Un ugello di generazione di gocce con focalizzazione del flusso viene utilizzato per formare gocce acquose a velocità di kilohertz in un fluido vettore di olio ammissibile stabilizzato con tensioattivo. I treni di particelle cellulari ordinati vengono quindi combinati con la generazione di gocce regolando le velocità di flusso acquoso e di olio per fornire velocità di generazione di gocce sincronizzate con l'arrivo di celle o particelle ordinate longitudinalmente all'ugello di generazione delle gocce, mentre le particelle vengono utilizzate come surrogati cellulari. Per dimostrare questo protocollo, le portate devono essere sufficientemente piccole da limitare il fluido.

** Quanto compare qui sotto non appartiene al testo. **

(* Let $G$ be a connected graph. If some graph equimorphic to $G$ is not connected, then there are infinitely many pairwise non-isomorphic graphs equimorphic to $G$.
   Context: Graphs are undirected and loopless. $G$ embeds into $G'$ if $G$ is isomorphic to an induced subgraph of $G'$; $G,G'$ are equimorphic if each embeds into the other. *)

theory Defs
  imports Main
begin

type_synonym 'a graph = "'a set \<times> ('a \<Rightarrow> 'a \<Rightarrow> bool)"

definition verts :: "'a graph \<Rightarrow> 'a set" where "verts G = fst G"
definition adj :: "'a graph \<Rightarrow> 'a \<Rightarrow> 'a \<Rightarrow> bool" where "adj G = snd G"

definition is_graph :: "'a graph \<Rightarrow> bool" where
  "is_graph G \<longleftrightarrow>
     (\<forall>x y. adj G x y \<longrightarrow> x \<in> verts G \<and> y \<in> verts G) \<and>
     (\<forall>x y. adj G x y \<longrightarrow> adj G y x) \<and>
     (\<forall>x. \<not> adj G x x)"

text \<open>G embeds into H: G is isomorphic to an induced subgraph of H.\<close>
definition embeds :: "'a graph \<Rightarrow> 'b graph \<Rightarrow> bool" where
  "embeds G H \<longleftrightarrow> (\<exists>f. inj_on f (verts G) \<and> f ` verts G \<subseteq> verts H \<and>
     (\<forall>x\<in>verts G. \<forall>y\<in>verts G. adj G x y \<longleftrightarrow> adj H (f x) (f y)))"

definition equimorphic :: "'a graph \<Rightarrow> 'b graph \<Rightarrow> bool" where
  "equimorphic G H \<longleftrightarrow> embeds G H \<and> embeds H G"

definition isomorphic :: "'a graph \<Rightarrow> 'b graph \<Rightarrow> bool" where
  "isomorphic G H \<longleftrightarrow> (\<exists>f. bij_betw f (verts G) (verts H) \<and>
     (\<forall>x\<in>verts G. \<forall>y\<in>verts G. adj G x y \<longleftrightarrow> adj H (f x) (f y)))"

definition connected_graph :: "'a graph \<Rightarrow> bool" where
  "connected_graph G \<longleftrightarrow> verts G \<noteq> {} \<and>
     (\<forall>x\<in>verts G. \<forall>y\<in>verts G. (adj G)\<^sup>*\<^sup>* x y)"

end
(* Let $\mathfrak c\in\mathfrak C_{\mathrm{Rot}}$. Then there exists $C=C(\mathfrak c)>0$ such that for all $j\ge-1$, all $s\in\mathbb R$ and all $r_1,r_2\ge s$, $$\big|\langle S_j\mathcal E_{\mathfrak c}\mathbf 1_{[s,r_1]},f^j_{\mathfrak c,r_2}\rangle_{L^2(\mathbb R^2)}\big|\le C,$$ and hence for all $t\ge s$, $\big|\int_s^t\langle S_j\mathcal E_{\mathfrak c}\mathbf 1_{[s,r]},f^j_{\mathfrak c,r}\rangle\,dr\big|\le C(t-s)$.
   Context: Littlewood–Paley: fix a radial $C^\infty$ $\rho_0\ge0$ on $\mathbb R^2$ supported in $\{6/7\le|\xi|\le2\}$ with $\sum_{j\in\mathbb Z}\rho_0(2^{-j}\xi)=1$ for $\xi\ne0$; $\chi_0(\xi)=\sum_{j\le-1}\rho_0(2^{-j}\xi)$ ($\xi\ne0$), $\chi_0(0)=1$, $\chi_j=\chi_0(2^{-j}\cdot)$, $\check\chi_j=\mathcal F^{-1}\chi_j$, $S_ju=\check\chi_j*u$. Curves: $\mathfrak C$ = smooth $\mathfrak c=(\mathfrak c_1,\mathfrak c_2):\mathbb R\to\mathbb R^2$ with $\operatorname{supp}\dot{\mathfrak c}\subset[0,1]$ and $\mathfrak c_1(t)>0$. For bounded $h$, $\mathcal E_{\mathfrak c}h\in L^2(\mathbb R^2)$ is determined by $\langle H,\mathcal E_{\mathfrak c}h\rangle=\int_{\mathbb R}\int_0^{\mathfrak c_1(t)}H(x_1,\mathfrak c_2(t))h(t)\dot{\mathfrak c}_2(t)dx_1dt$. $\mathrm{Rot}(\mathfrak c)=\sup_{s<t}\|\mathcal E_{\mathfrak c}\mathbf 1_{[s,t]}\|_{L^\infty}$, $\mathfrak C_{\mathrm{Rot}}=\{\mathfrak c:\mathrm{Rot}(\mathfrak c)<\infty\}$. $f^j_{\mathfrak c,t}(x_1,x_2):=\dot{\mathfrak c}_2(t)\int_0^{\mathfrak c_1(t)}\check\chi_j(x_1-\xi,x_2-\mathfrak c_2(t))d\xi$ ($=\frac{d}{dt}S_j\mathcal E_{\mathfrak c}\mathbf 1_{[s,t]}$). *)

theory Defs
  imports "HOL-Analysis.Analysis"
begin

definition smooth1 :: "(real \<Rightarrow> real) \<Rightarrow> bool" where
  "smooth1 f \<longleftrightarrow> (\<forall>n x. ((deriv ^^ n) f) differentiable (at x))"

definition pderiv2 :: "real \<times> real \<Rightarrow> (real \<times> real \<Rightarrow> real) \<Rightarrow> real \<times> real \<Rightarrow> real" where
  "pderiv2 v f x = deriv (\<lambda>t. f (x + t *\<^sub>R v)) 0"

definition smooth2 :: "(real \<times> real \<Rightarrow> real) \<Rightarrow> bool" where
  "smooth2 f \<longleftrightarrow>
     (\<forall>vs. set vs \<subseteq> {(1,0),(0,1)} \<longrightarrow>
        continuous_on UNIV (foldr pderiv2 vs f) \<and>
        (\<forall>v\<in>{(1,0),(0,1)}. \<forall>x. (\<lambda>t. foldr pderiv2 vs f (x + t *\<^sub>R v)) differentiable (at 0)))"

definition LP_profile :: "(real \<times> real \<Rightarrow> real) \<Rightarrow> bool" where
  "LP_profile \<rho>0 \<longleftrightarrow>
     smooth2 \<rho>0 \<and>
     (\<forall>x y. norm x = norm y \<longrightarrow> \<rho>0 x = \<rho>0 y) \<and>
     (\<forall>\<xi>. 0 \<le> \<rho>0 \<xi>) \<and>
     (\<forall>\<xi>. \<rho>0 \<xi> \<noteq> 0 \<longrightarrow> 6/7 \<le> norm \<xi> \<and> norm \<xi> \<le> 2) \<and>
     (\<forall>\<xi>. \<xi> \<noteq> 0 \<longrightarrow> ((\<lambda>j::int. \<rho>0 (2 powr (- real_of_int j) *\<^sub>R \<xi>)) has_sum 1) UNIV)"

definition chi0 :: "(real \<times> real \<Rightarrow> real) \<Rightarrow> real \<times> real \<Rightarrow> real" where
  "chi0 \<rho>0 \<xi> = (if \<xi> = 0 then 1
      else infsum (\<lambda>j::int. \<rho>0 (2 powr (- real_of_int j) *\<^sub>R \<xi>)) {..-1})"

definition chi :: "(real \<times> real \<Rightarrow> real) \<Rightarrow> int \<Rightarrow> real \<times> real \<Rightarrow> real" where
  "chi \<rho>0 j \<xi> = chi0 \<rho>0 (2 powr (- real_of_int j) *\<^sub>R \<xi>)"

text \<open>Inverse Fourier transform (convention: F f(xi) = integral f(x) e^{-i x.xi} dx).\<close>
definition chi_check :: "(real \<times> real \<Rightarrow> real) \<Rightarrow> int \<Rightarrow> real \<times> real \<Rightarrow> complex" where
  "chi_check \<rho>0 j x =
     (1 / (2 * pi)^2) *\<^sub>R (\<integral>\<xi>. of_real (chi \<rho>0 j \<xi>) * cis (x \<bullet> \<xi>) \<partial>lborel)"

definition Sj :: "(real \<times> real \<Rightarrow> real) \<Rightarrow> int \<Rightarrow> (real \<times> real \<Rightarrow> real) \<Rightarrow> real \<times> real \<Rightarrow> complex" where
  "Sj \<rho>0 j u x = (\<integral>y. chi_check \<rho>0 j (x - y) * of_real (u y) \<partial>lborel)"

definition L2_inner :: "(real \<times> real \<Rightarrow> complex) \<Rightarrow> (real \<times> real \<Rightarrow> complex) \<Rightarrow> complex" where
  "L2_inner f g = (\<integral>x. f x * cnj (g x) \<partial>lborel)"

definition curve :: "(real \<Rightarrow> real \<times> real) \<Rightarrow> bool" where
  "curve c \<longleftrightarrow> smooth1 (\<lambda>t. fst (c t)) \<and> smooth1 (\<lambda>t. snd (c t)) \<and>
     (\<forall>t. t \<notin> {0..1} \<longrightarrow> deriv (\<lambda>\<tau>. fst (c \<tau>)) t = 0 \<and> deriv (\<lambda>\<tau>. snd (c \<tau>)) t = 0) \<and>
     (\<forall>t. fst (c t) > 0)"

Stress puri sulle cellule biologiche, la sovrapposizione dell'ordinamento cellulare, la generazione di gocce e la vitalità cellulare. I vincoli di velocità di flusso acquoso forniscono un regime operativo ideale per l'incapsulamento controllato di celle singole e multiple. L'analisi dei dati della microscopia video mostra che le efficienze di incapsulamento a cella singola e doppia o di particelle superano le efficienze di incapsulamento casuale e riducono notevolmente il numero di gocce, che non contengono il numero desiderato di cellule o particelle.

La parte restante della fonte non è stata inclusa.